No GP registers. Single address space but still using page tables. They claim up to 33 operations per cycle. Each CPU version needs different binary code so assembly might not be supported, instead using loader code to generate the bits at runtime.
But it is also vapourware so maybe nothing will come of it.
There are some clever ideas. But you never know. They might deliver. Or they might get bought without delivering the Mill to the market. They can be seen as a threat to the existing products or as a useful resource. There might be some value in their patents (I don't know how many they've applied for and how many they've got or what's in them besides the content of the publicly available videos and slides). I don't think they'll just disappear as if never existed.
The fact that that binary encodings change depending upon the specific CPU configuration means that if an assembler was to be used then it would have to generate different code for each target CPU that it will be run on.
Also the source code might need changing for each CPU model because basic things like belt length are different and thus needs different handling within the expression of the algorithms.

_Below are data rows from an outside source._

(* If there is a fork in governance, then the auditor can assign blame to at least $f+1$ misbehaving replicas.
   Context: System model. A service runs on a set of replicas (its configuration), $N$ replicas per configuration with $f=\lceil N/3\rceil-1$, executing the L-PBFT protocol (PBFT-style, with a ledger); each batch at sequence number $s$ is prepared by $N-f$ replicas of the current configuration signing pre-prepare/prepare messages, and pipelining depth is $P$. Governance transactions change the configuration (members and replicas): a referendum is passed by a final vote transaction; the primary ends its batch after each governance transaction, and after the final vote committed at sequence number $s$, it issues $2P$ empty "end-of-configuration" batches; the $P$-th end-of-configuration batch (at $s+P$) contains evidence that the batch at $s$ committed and, in its pre-prepare, the committed Merkle root (the root of the ledger's Merkle tree at $s$). A correct replica prepares the $P$-th end-of-configuration batch at $s+P$ only after the final vote transaction triggering the configuration change has committed at $s$ (hence all preceding governance transactions have committed). The governance sub-ledger consists of the governance transactions with their evidence and, for each configuration change, the $P$-th and $2P$-th end-of-configuration batches. The configuration number of a configuration is its distance from the genesis configuration (number $0$). Two $P$-th end-of-configuration batches are equivalent if they are at the same ledger index and sequence number and are preceded by the same valid governance sub-ledger (their pre-prepares contain the same committed Merkle root). There is a fork in governance if there exist two $P$-th end-of-configuration batches for the same configuration number, each belonging to a valid governance sub-ledger, that are not equivalent. The auditor assigns blame to a replica by exhibiting statements signed by that replica that a correct replica would never sign. *)

theory Defs
  imports Complex_Main
begin

text \<open>Abstract model of the governance sub-ledger of L-PBFT.

A governance sub-ledger is a list of configuration changes.  Entry number k
(0-based) describes the configuration change that ends configuration number k
and starts configuration number k+1:
  gtxs  -- the governance transactions (with their evidence) committed in
           configuration k, up to and including the final vote;
  ncfg  -- the replica set of the new configuration k+1 (the outcome of the
           referendum passed by the final vote);
  lidx  -- ledger index of the P-th end-of-configuration batch;
  sqn   -- sequence number of the P-th end-of-configuration batch;
  preps -- the replicas whose signed pre-prepare/prepare messages for that
           P-th end-of-configuration batch are contained in the evidence.\<close>

record ('r, 'g) eoc =
  gtxs  :: "'g list"
  ncfg  :: "'r set"
  lidx  :: nat
  sqn   :: nat
  preps :: "'r set"

definition fmax :: "nat \<Rightarrow> nat" where
  "fmax N = nat (ceiling (real N / 3)) - 1"

fun cfg :: "'r set \<Rightarrow> ('r, 'g) eoc list \<Rightarrow> nat \<Rightarrow> 'r set" where
  "cfg G L 0 = G"
| "cfg G L (Suc j) = ncfg (L ! j)"

definition valid_gov :: "nat \<Rightarrow> 'r set \<Rightarrow> ('r, 'g) eoc list \<Rightarrow> bool" where
  "valid_gov N G L \<longleftrightarrow>
     card G = N \<and>
     (\<forall>j < length L. card (ncfg (L ! j)) = N) \<and>
     (\<forall>j < length L. preps (L ! j) \<subseteq> cfg G L j \<and> card (preps (L ! j)) \<ge> N - fmax N)"

text \<open>What a replica signs when preparing the P-th end-of-configuration batch of
entry j of L: a statement identifying that batch, namely the preceding
governance sub-ledger (committed to by the committed Merkle root in the
pre-prepare), its ledger index and its sequence number.  The governance
transactions of the configuration being ended and the resulting new
configuration are part of the preceding governance sub-ledger.\<close>
type_synonym ('r, 'g) eoc_stmt = "('r, 'g) eoc list \<times> 'g list \<times> 'r set \<times> nat \<times> nat"

definition stmt :: "('r, 'g) eoc list \<Rightarrow> nat \<Rightarrow> ('r, 'g) eoc_stmt" where
  "stmt L j = (take j L, gtxs (L ! j), ncfg (L ! j), lidx (L ! j), sqn (L ! j))"

definition stmt_cfgno :: "('r, 'g) eoc_stmt \<Rightarrow> nat" where
  "stmt_cfgno s = length (fst s)"

definition equiv_eoc :: "('r, 'g) eoc list \<Rightarrow> ('r, 'g) eoc list \<Rightarrow> nat \<Rightarrow> bool" where
  "equiv_eoc L1 L2 k \<longleftrightarrow> stmt L1 k = stmt L2 k"

definition fork :: "nat \<Rightarrow> 'r set \<Rightarrow> ('r, 'g) eoc list \<Rightarrow> ('r, 'g) eoc list \<Rightarrow> nat \<Rightarrow> bool" where
  "fork N G L1 L2 k \<longleftrightarrow>
     valid_gov N G L1 \<and> valid_gov N G L2 \<and> k < length L1 \<and> k < length L2 \<and>
     \<not> equiv_eoc L1 L2 k"

definition signed_in :: "('r, 'g) eoc list \<Rightarrow> 'r \<Rightarrow> ('r, 'g) eoc_stmt set" where
  "signed_in L r = {stmt L j | j. j < length L \<and> r \<in> preps (L ! j)}"

text \<open>A correct replica follows a single linear ledger and prepares the P-th
end-of-configuration batch of a configuration only after the final vote of
that configuration committed; hence it signs at most one such batch per
configuration number.\<close>
definition correct_may_sign :: "('r, 'g) eoc_stmt set \<Rightarrow> bool" where
  "correct_may_sign S \<longleftrightarrow>
     (\<forall>s1 \<in> S. \<forall>s2 \<in> S. stmt_cfgno s1 = stmt_cfgno s2 \<longrightarrow> s1 = s2)"

definition blamed :: "('r, 'g) eoc list set \<Rightarrow> 'r \<Rightarrow> bool" where
  "blamed E r \<longleftrightarrow> \<not> correct_may_sign (\<Union>L \<in> E. signed_in L r)"

end

theory Submission
  imports Defs
begin

text \<open>Let j be the first configuration number at which the two sub-ledgers sign different
statements. Up to j they agree on every new configuration, so both P-th end-of-configuration
batches of number j were prepared by N - f replicas of the same configuration of N replicas.
Since N > 3f, these two quorums share at least f + 1 replicas, each of which signed two
different statements for configuration number j, which no correct replica does.\<close>

lemma three_fmax_less: "0 < N \<Longrightarrow> 3 * fmax N < N"
proof -
  assume "0 < N"
  define c where "c = ceiling (real N / 3)"
  have "real_of_int c < real N / 3 + 1"
    unfolding c_def by linarith
  then have "3 * c < int N + 3"
    by linarith
  then have "3 * (nat c - 1) < N"
    using \<open>0 < N\<close> by linarith
  then show ?thesis
    unfolding fmax_def c_def .
qed

lemma card_add_le_card_Int:
  assumes "finite C" "A \<subseteq> C" "B \<subseteq> C"
  shows "card A + card B \<le> card C + card (A \<inter> B)"
proof -
  have "finite A" "finite B"
    using assms finite_subset by auto
  then have "card A + card B = card (A \<union> B) + card (A \<inter> B)"
    by (rule card_Un_Int)
  moreover have "card (A \<union> B) \<le> card C"
    using assms by (simp add: card_mono)
  ultimately show ?thesis
    by linarith
qed

lemma quorum_intersection:
  assumes "0 < N" "card C = N"
    and "A \<subseteq> C" "N - fmax N \<le> card A"
    and "B \<subseteq> C" "N - fmax N \<le> card B"
  shows "fmax N + 1 \<le> card (A \<inter> B)"
proof -
  have "finite C"
    using assms(1,2) card_ge_0_finite by blast
  then have "card A + card B \<le> N + card (A \<inter> B)"
    using card_add_le_card_Int assms(2,3,5) by metis
  then show ?thesis
    using assms(4,6) three_fmax_less[OF assms(1)] by linarith
qed

lemma valid_gov_card_cfg:
  assumes "valid_gov N G L" "j \<le> length L"
  shows "card (cfg G L j) = N"
  using assms by (cases j) (auto simp: valid_gov_def)

lemma stmt_cfgno_stmt: "j < length L \<Longrightarrow> stmt_cfgno (stmt L j) = j"
  by (simp add: stmt_cfgno_def stmt_def)

lemma first_divergence_same_cfg:
  assumes "stmt L1 k \<noteq> stmt L2 k"
  obtains j where "j \<le> k" "stmt L1 j \<noteq> stmt L2 j" "cfg G L1 j = cfg G L2 j"
proof -
  define j where "j = (LEAST i. stmt L1 i \<noteq> stmt L2 i)"
  have "stmt L1 j \<noteq> stmt L2 j"
    unfolding j_def using assms by (rule LeastI)
  moreover have "j \<le> k"
    unfolding j_def using assms by (rule Least_le)
  moreover have "cfg G L1 j = cfg G L2 j"
  proof (cases j)
    case (Suc i)
    then have "i < j"
      by simp
    then have "stmt L1 i = stmt L2 i"
      unfolding j_def by (rule not_less_Least[THEN notnotD])
    then show ?thesis
      using Suc by (simp add: stmt_def)
  qed simp
  ultimately show ?thesis
    using that by blast
qed

lemma blamed_if_prepared_both:
  assumes "L1 \<in> E" "L2 \<in> E" "j < length L1" "j < length L2"
    and "r \<in> preps (L1 ! j)" "r \<in> preps (L2 ! j)"
    and "stmt L1 j \<noteq> stmt L2 j"
  shows "blamed E r"
proof -
  have "stmt L1 j \<in> (\<Union>L \<in> E. signed_in L r)" "stmt L2 j \<in> (\<Union>L \<in> E. signed_in L r)"
    using assms(1-6) unfolding signed_in_def by auto
  moreover have "stmt_cfgno (stmt L1 j) = stmt_cfgno (stmt L2 j)"
    using assms(3,4) by (simp add: stmt_cfgno_stmt)
  ultimately show ?thesis
    using assms(7) unfolding blamed_def correct_may_sign_def by blast
qed

theorem lemma7:
  fixes N :: nat and G :: "'r set" and L1 L2 :: "('r, 'g) eoc list" and k :: nat
  assumes "N > 0"
    and "fork N G L1 L2 k"
  shows "\<exists>B. B \<subseteq> {r. blamed {L1, L2} r} \<and> card B \<ge> fmax N + 1"
proof -
  have v1: "valid_gov N G L1" and v2: "valid_gov N G L2"
    and k1: "k < length L1" and k2: "k < length L2" and ne: "stmt L1 k \<noteq> stmt L2 k"
    using assms(2) unfolding fork_def equiv_eoc_def by auto
  obtain j where jk: "j \<le> k" and diverge: "stmt L1 j \<noteq> stmt L2 j"
    and same_cfg: "cfg G L1 j = cfg G L2 j"
    using ne by (rule first_divergence_same_cfg)
  let ?B = "preps (L1 ! j) \<inter> preps (L2 ! j)"
  have "card (cfg G L1 j) = N"
    using v1 jk k1 by (simp add: valid_gov_card_cfg)
  moreover have "preps (L1 ! j) \<subseteq> cfg G L1 j" "N - fmax N \<le> card (preps (L1 ! j))"
    using v1 jk k1 unfolding valid_gov_def by auto
  moreover have "preps (L2 ! j) \<subseteq> cfg G L1 j" "N - fmax N \<le> card (preps (L2 ! j))"
    using v2 jk k2 unfolding same_cfg valid_gov_def by auto
  ultimately have "fmax N + 1 \<le> card ?B"
    by (rule quorum_intersection[OF assms(1)])
  moreover have "?B \<subseteq> {r. blamed {L1, L2} r}"
    using blamed_if_prepared_both[of L1 "{L1, L2}" L2 j] jk k1 k2 diverge by auto
  ultimately show ?thesis
    by blast
qed

end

It is not clear to me whether each implementation of the same specced CPU will use the same encodings. There appears to be an automatic generator used to define the encodings and no human is involved the the bit allocation. So if there is some new method used or an algorithmic improvement in the bit encoding it could be that a newer version of the same specced chip would have a different binary instruction encoding. And this is the point (if correct) that would kill assembly code on a practical level and force the use of the "specialiser" to convert intermediate code into hardware opcodes.